_Problem to solve_
In the entries below, find each line bearing the string "gives" and copy it.

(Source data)
BEGIN

(* Let $\beta,p$ be positive integers with $\beta\ge p$. Then $C(1,\beta,p)=C_{WWL}(\beta,p)$.
   Context: Memory cells are binary; cell-state vectors of $n$ cells lie in $\{0,1\}^n$. A code on $n$ cells consists, for each write $i\ge1$, of a real $R_i\ge0$, an encoder $\mathcal{E}_i:\{1,\ldots,\lfloor2^{nR_i}\rfloor\}\times\{0,1\}^n\to\{0,1\}^n$ and decoder $\mathcal{D}_i$ with $\mathcal{D}_i(\mathcal{E}_i(m,\mathbf{u}))=m$ (both may depend on $i$; the decoder sees only the current state). Starting from $\mathbf{v}_0=\mathbf{0}$, messages produce states $\mathbf{v}_i=\mathcal{E}_i(m_i,\mathbf{v}_{i-1})$. The code is $(\alpha,\beta,p)$-constrained if for every message sequence, every $i\ge0$ and every $1\le j\le n-\beta+1$, $|\{(k,\ell): v_{i+k,j+\ell}\ne v_{i+k+1,j+\ell}, 0\le k<\alpha, 0\le\ell<\beta\}|\le p$. Rate: $\lim_{m\to\infty}\frac1m\sum_{i=1}^mR_i$. $C_n(\alpha,\beta,p)$ is the supremum of rates of $(\alpha,\beta,p)$-constrained codes on $n$ cells and $C(\alpha,\beta,p)=\lim_{n\to\infty}C_n(\alpha,\beta,p)$. A binary vector is $(\beta,p)$-window-weight-limited (WWL) if every $\beta$ consecutive entries contain at most $p$ ones; with $\mathcal{S}_n(\beta,p)$ the set of such vectors of length $n$, $C_{WWL}(\beta,p)=\lim_{n\to\infty}\frac1n\log_2|\mathcal{S}_n(\beta,p)|$. *)

theory Defs
  imports Complex_Main
begin

text \<open>Cell-state vectors of n binary cells are bool lists of length n (True = 1),
  cells indexed 0..n-1. Writes are indexed i >= 1.
  R i : rate of write i; E i m u : encoder of write i; D i v : decoder of write i.\<close>

definition num_msgs :: "nat \<Rightarrow> (nat \<Rightarrow> real) \<Rightarrow> nat \<Rightarrow> nat" where
  "num_msgs n R i = nat \<lfloor>2 powr (real n * R i)\<rfloor>"

definition is_code ::
  "nat \<Rightarrow> (nat \<Rightarrow> real) \<Rightarrow> (nat \<Rightarrow> nat \<Rightarrow> bool list \<Rightarrow> bool list)
     \<Rightarrow> (nat \<Rightarrow> bool list \<Rightarrow> nat) \<Rightarrow> bool" where
  "is_code n R E D \<longleftrightarrow>
     (\<forall>i\<ge>1. R i \<ge> 0 \<and>
        (\<forall>m\<in>{1..num_msgs n R i}. \<forall>u. length u = n \<longrightarrow>
            length (E i m u) = n \<and> D i (E i m u) = m))"

primrec states ::
  "nat \<Rightarrow> (nat \<Rightarrow> nat \<Rightarrow> bool list \<Rightarrow> bool list) \<Rightarrow> (nat \<Rightarrow> nat) \<Rightarrow> nat \<Rightarrow> bool list" where
  "states n E ms 0 = replicate n False"
| "states n E ms (Suc i) = E (Suc i) (ms (Suc i)) (states n E ms i)"

definition constrained ::
  "nat \<Rightarrow> nat \<Rightarrow> nat \<Rightarrow> nat \<Rightarrow> (nat \<Rightarrow> real) \<Rightarrow> (nat \<Rightarrow> nat \<Rightarrow> bool list \<Rightarrow> bool list) \<Rightarrow> bool" where
  "constrained n \<alpha> \<beta> p R E \<longleftrightarrow>
     (\<forall>ms. (\<forall>i\<ge>1. ms i \<in> {1..num_msgs n R i}) \<longrightarrow>
        (\<forall>i j. j + \<beta> \<le> n \<longrightarrow>
           card {(k, l). k < \<alpha> \<and> l < \<beta> \<and>
                 states n E ms (i + k) ! (j + l) \<noteq> states n E ms (i + k + 1) ! (j + l)} \<le> p))"

definition has_rate :: "(nat \<Rightarrow> real) \<Rightarrow> real \<Rightarrow> bool" where
  "has_rate R r \<longleftrightarrow> (\<lambda>m. (\<Sum>i=1..m. R i) / real m) \<longlonglongrightarrow> r"

definition Cn :: "nat \<Rightarrow> nat \<Rightarrow> nat \<Rightarrow> nat \<Rightarrow> real" where
  "Cn n \<alpha> \<beta> p = Sup {r. \<exists>R E D. is_code n R E D \<and> constrained n \<alpha> \<beta> p R E \<and> has_rate R r}"

definition WWL_set :: "nat \<Rightarrow> nat \<Rightarrow> nat \<Rightarrow> bool list set" where
  "WWL_set n \<beta> p = {x. length x = n \<and>
      (\<forall>j. j + \<beta> \<le> n \<longrightarrow> length (filter id (take \<beta> (drop j x))) \<le> p)}"

end

theory Submission
  imports Defs "HOL-Real_Asymp.Real_Asymp"
begin

text \<open>For \<open>\<alpha> = 1\<close> the constraint says exactly that every write changes the state by a
  \<open>(\<beta>, p)\<close>-window-weight-limited vector, namely the XOR of consecutive states. From a fixed
  state distinct messages need distinct changes, so a write carries at most \<open>log (|S\<^sub>n| + 1)\<close> bits.
  Conversely, doubling a linear code \<open>V\<close> by the translate that overlaps the covered set
  \<open>S\<^sub>n \<oplus> V\<close> least squares the uncovered fraction of the cube, so after \<open>O(log n)\<close> doublings
  \<open>S\<^sub>n \<oplus> V\<close> is the whole cube while \<open>|V| |S\<^sub>n| \<le> 2n 2\<^sup>n\<close>. Taking the cosets of \<open>V\<close> as
  messages, every coset contains a word reachable from any state by a WWL change, and a word is
  decoded by its coset; this gives \<open>log |S\<^sub>n| - log 2n\<close> bits per write. Both bounds are
  \<open>(log |S\<^sub>n| + O(log n)) / n\<close>, and \<open>log |S\<^sub>n|\<close> is subadditive in \<open>n\<close>, so Fekete's lemma gives
  the common limit.\<close>

section \<open>Bitwise XOR of bit vectors\<close>

(* map2 truncates to the shorter list, so the cancellation laws need equal lengths. *)
definition xor_list :: "bool list \<Rightarrow> bool list \<Rightarrow> bool list" (infixl "\<oplus>" 65) where
  "xs \<oplus> ys = map2 (\<noteq>) xs ys"

lemma length_xor_list [simp]: "length (xs \<oplus> ys) = min (length xs) (length ys)"
  by (simp add: xor_list_def)

lemma nth_xor_list [simp]:
  "i < length xs \<Longrightarrow> i < length ys \<Longrightarrow> (xs \<oplus> ys) ! i = (xs ! i \<noteq> ys ! i)"
  by (simp add: xor_list_def)

lemma xor_list_assoc: "xs \<oplus> ys \<oplus> zs = xs \<oplus> (ys \<oplus> zs)"
  by (rule nth_equalityI) auto

lemma xor_list_commute: "xs \<oplus> ys = ys \<oplus> xs"
  by (rule nth_equalityI) auto

interpretation xor_list: abel_semigroup "(\<oplus>)"
  by unfold_locales (fact xor_list_assoc xor_list_commute)+

lemma xor_list_cancel_left: "length xs = length ys \<Longrightarrow> xs \<oplus> (xs \<oplus> ys) = ys"
  by (rule nth_equalityI) auto

lemma xor_list_cancel_right: "length xs = length ys \<Longrightarrow> ys \<oplus> xs \<oplus> xs = ys"
  by (rule nth_equalityI) auto

lemma xor_list_replicate_False [simp]: "xs \<oplus> replicate (length xs) False = xs"
  by (rule nth_equalityI) auto

definition cube :: "nat \<Rightarrow> bool list set" where
  "cube n = {xs. length xs = n}"

lemma finite_cube [simp]: "finite (cube n)"
  using finite_lists_length_eq[of "UNIV :: bool set" n] by (simp add: cube_def)

lemma xor_list_in_cube [intro]: "xs \<in> cube n \<Longrightarrow> ys \<in> cube n \<Longrightarrow> xs \<oplus> ys \<in> cube n"
  by (simp add: cube_def)

lemma card_cube: "card (cube n) = 2 ^ n"
  using card_lists_length_eq[of "UNIV :: bool set" n] by (simp add: cube_def)

lemma card_le_card_cube: "A \<subseteq> cube n \<Longrightarrow> card A \<le> 2 ^ n"
  by (metis card_cube card_mono finite_cube)

lemma sum_card_translate_overlap:
  assumes "A \<subseteq> cube n"
  shows "(\<Sum>x\<in>cube n. card {a \<in> A. a \<oplus> x \<in> A}) = card A * card A"
proof -
  have fin: "finite A" using assms finite_cube finite_subset by blast
  have "(\<Sum>x\<in>cube n. card {a \<in> A. a \<oplus> x \<in> A})
      = (\<Sum>x\<in>cube n. \<Sum>a\<in>A. if a \<oplus> x \<in> A then 1 else 0)"
    using fin by (simp add: sum.inter_filter[symmetric])
  also have "\<dots> = (\<Sum>a\<in>A. card {x \<in> cube n. a \<oplus> x \<in> A})"
    by (subst sum.swap) (simp add: sum.inter_filter[symmetric])
  also have "\<dots> = (\<Sum>a\<in>A. card A)"
  proof (rule sum.cong[OF refl])
    fix a assume "a \<in> A"
    with assms have "bij_betw ((\<oplus>) a) {x \<in> cube n. a \<oplus> x \<in> A} A"
      by (intro bij_betw_byWitness[where f' = "(\<oplus>) a"])
         (auto simp: cube_def subset_iff xor_list_cancel_left)
    then show "card {x \<in> cube n. a \<oplus> x \<in> A} = card A"
      by (rule bij_betw_same_card)
  qed
  finally show ?thesis by simp
qed

lemma exists_translate_small_overlap:
  assumes "A \<subseteq> cube n"
  shows "\<exists>x\<in>cube n. card {a \<in> A. a \<oplus> x \<in> A} * 2 ^ n \<le> card A ^ 2"
proof (rule ccontr)
  assume "\<not> ?thesis"
  then have "(\<Sum>x\<in>cube n. card A ^ 2) < (\<Sum>x\<in>cube n. card {a \<in> A. a \<oplus> x \<in> A} * 2 ^ n)"
    using card_cube[of n] by (intro sum_strict_mono) (auto simp flip: card_gt_0_iff)
  also have "\<dots> = card A * card A * 2 ^ n"
    by (simp add: sum_distrib_right[symmetric] sum_card_translate_overlap[OF assms])
  finally show False
    by (simp add: card_cube power2_eq_square mult.commute)
qed

section \<open>Covering the cube by translates of a linear code\<close>

definition linear_code :: "nat \<Rightarrow> bool list set \<Rightarrow> bool" where
  "linear_code n V \<longleftrightarrow> V \<subseteq> cube n \<and> replicate n False \<in> V \<and> (\<forall>v\<in>V. \<forall>w\<in>V. v \<oplus> w \<in> V)"

lemma linear_code_zero: "linear_code n {replicate n False}"
  by (simp add: linear_code_def cube_def) (metis length_replicate xor_list_replicate_False)

lemma linear_code_extend:
  assumes V: "linear_code n V" and x: "x \<in> cube n"
  shows "linear_code n (V \<union> (\<lambda>v. v \<oplus> x) ` V)"
  unfolding linear_code_def
proof (intro conjI ballI)
  show "V \<union> (\<lambda>v. v \<oplus> x) ` V \<subseteq> cube n" "replicate n False \<in> V \<union> (\<lambda>v. v \<oplus> x) ` V"
    using V x by (auto simp: linear_code_def)
  fix v w assume "v \<in> V \<union> (\<lambda>v. v \<oplus> x) ` V" "w \<in> V \<union> (\<lambda>v. v \<oplus> x) ` V"
  then obtain v0 w0 where v0: "v0 \<in> V" "v = v0 \<or> v = v0 \<oplus> x" and w0: "w0 \<in> V" "w = w0 \<or> w = w0 \<oplus> x"
    by blast
  have "length v0 = length x" "length w0 = length x"
    using V x v0 w0 by (auto simp: linear_code_def cube_def)
  then have "v0 \<oplus> x \<oplus> (w0 \<oplus> x) = v0 \<oplus> w0"
    by (intro nth_equalityI) auto
  then have "v \<oplus> w = v0 \<oplus> w0 \<or> v \<oplus> w = v0 \<oplus> w0 \<oplus> x"
    using v0(2) w0(2) by (auto simp: xor_list.assoc xor_list.commute xor_list.left_commute)
  moreover have "v0 \<oplus> w0 \<in> V"
    using V v0 w0 by (simp add: linear_code_def)
  ultimately show "v \<oplus> w \<in> V \<union> (\<lambda>v. v \<oplus> x) ` V"
    by auto
qed

definition xor_sumset :: "bool list set \<Rightarrow> bool list set \<Rightarrow> bool list set" where
  "xor_sumset B V = (\<lambda>(b, v). b \<oplus> v) ` (B \<times> V)"

lemma xor_sumset_subset_cube: "B \<subseteq> cube n \<Longrightarrow> V \<subseteq> cube n \<Longrightarrow> xor_sumset B V \<subseteq> cube n"
  by (auto simp: xor_sumset_def cube_def subset_iff)

lemma xor_sumset_zero: "B \<subseteq> cube n \<Longrightarrow> xor_sumset B {replicate n False} = B"
  by (force simp: xor_sumset_def cube_def subset_iff)

lemma xor_sumset_extend:
  "xor_sumset B (V \<union> (\<lambda>v. v \<oplus> x) ` V) = xor_sumset B V \<union> (\<lambda>a. a \<oplus> x) ` xor_sumset B V"
  by (force simp: xor_sumset_def xor_list_assoc)

lemma card_Un_translate:
  assumes A: "A \<subseteq> cube n" and x: "x \<in> cube n"
  shows "card (A \<union> (\<lambda>a. a \<oplus> x) ` A) + card {a \<in> A. a \<oplus> x \<in> A} = 2 * card A"
proof -
  have len: "length a = length x" if "a \<in> A" for a
    using A x that by (auto simp: cube_def)
  have inj: "inj_on (\<lambda>a. a \<oplus> x) A"
    by (rule inj_onI) (metis len xor_list_cancel_right)
  have "A \<inter> (\<lambda>a. a \<oplus> x) ` A = {a \<in> A. a \<oplus> x \<in> A}"
    by (force simp: len xor_list_cancel_right)
  moreover have "finite A"
    using A finite_cube finite_subset by blast
  ultimately show ?thesis
    using card_Un_Int[of A "(\<lambda>a. a \<oplus> x) ` A"] card_image[OF inj] by simp
qed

END

_Response to this exercise_
  decoded by its coset; this gives \<open>log |S\<^sub>n| - log 2n\<close> bits per write. Both bounds are
  \<open>(log |S\<^sub>n| + O(log n)) / n\<close>, and \<open>log |S\<^sub>n|\<close> is subadditive in \<open>n\<close>, so Fekete's lemma gives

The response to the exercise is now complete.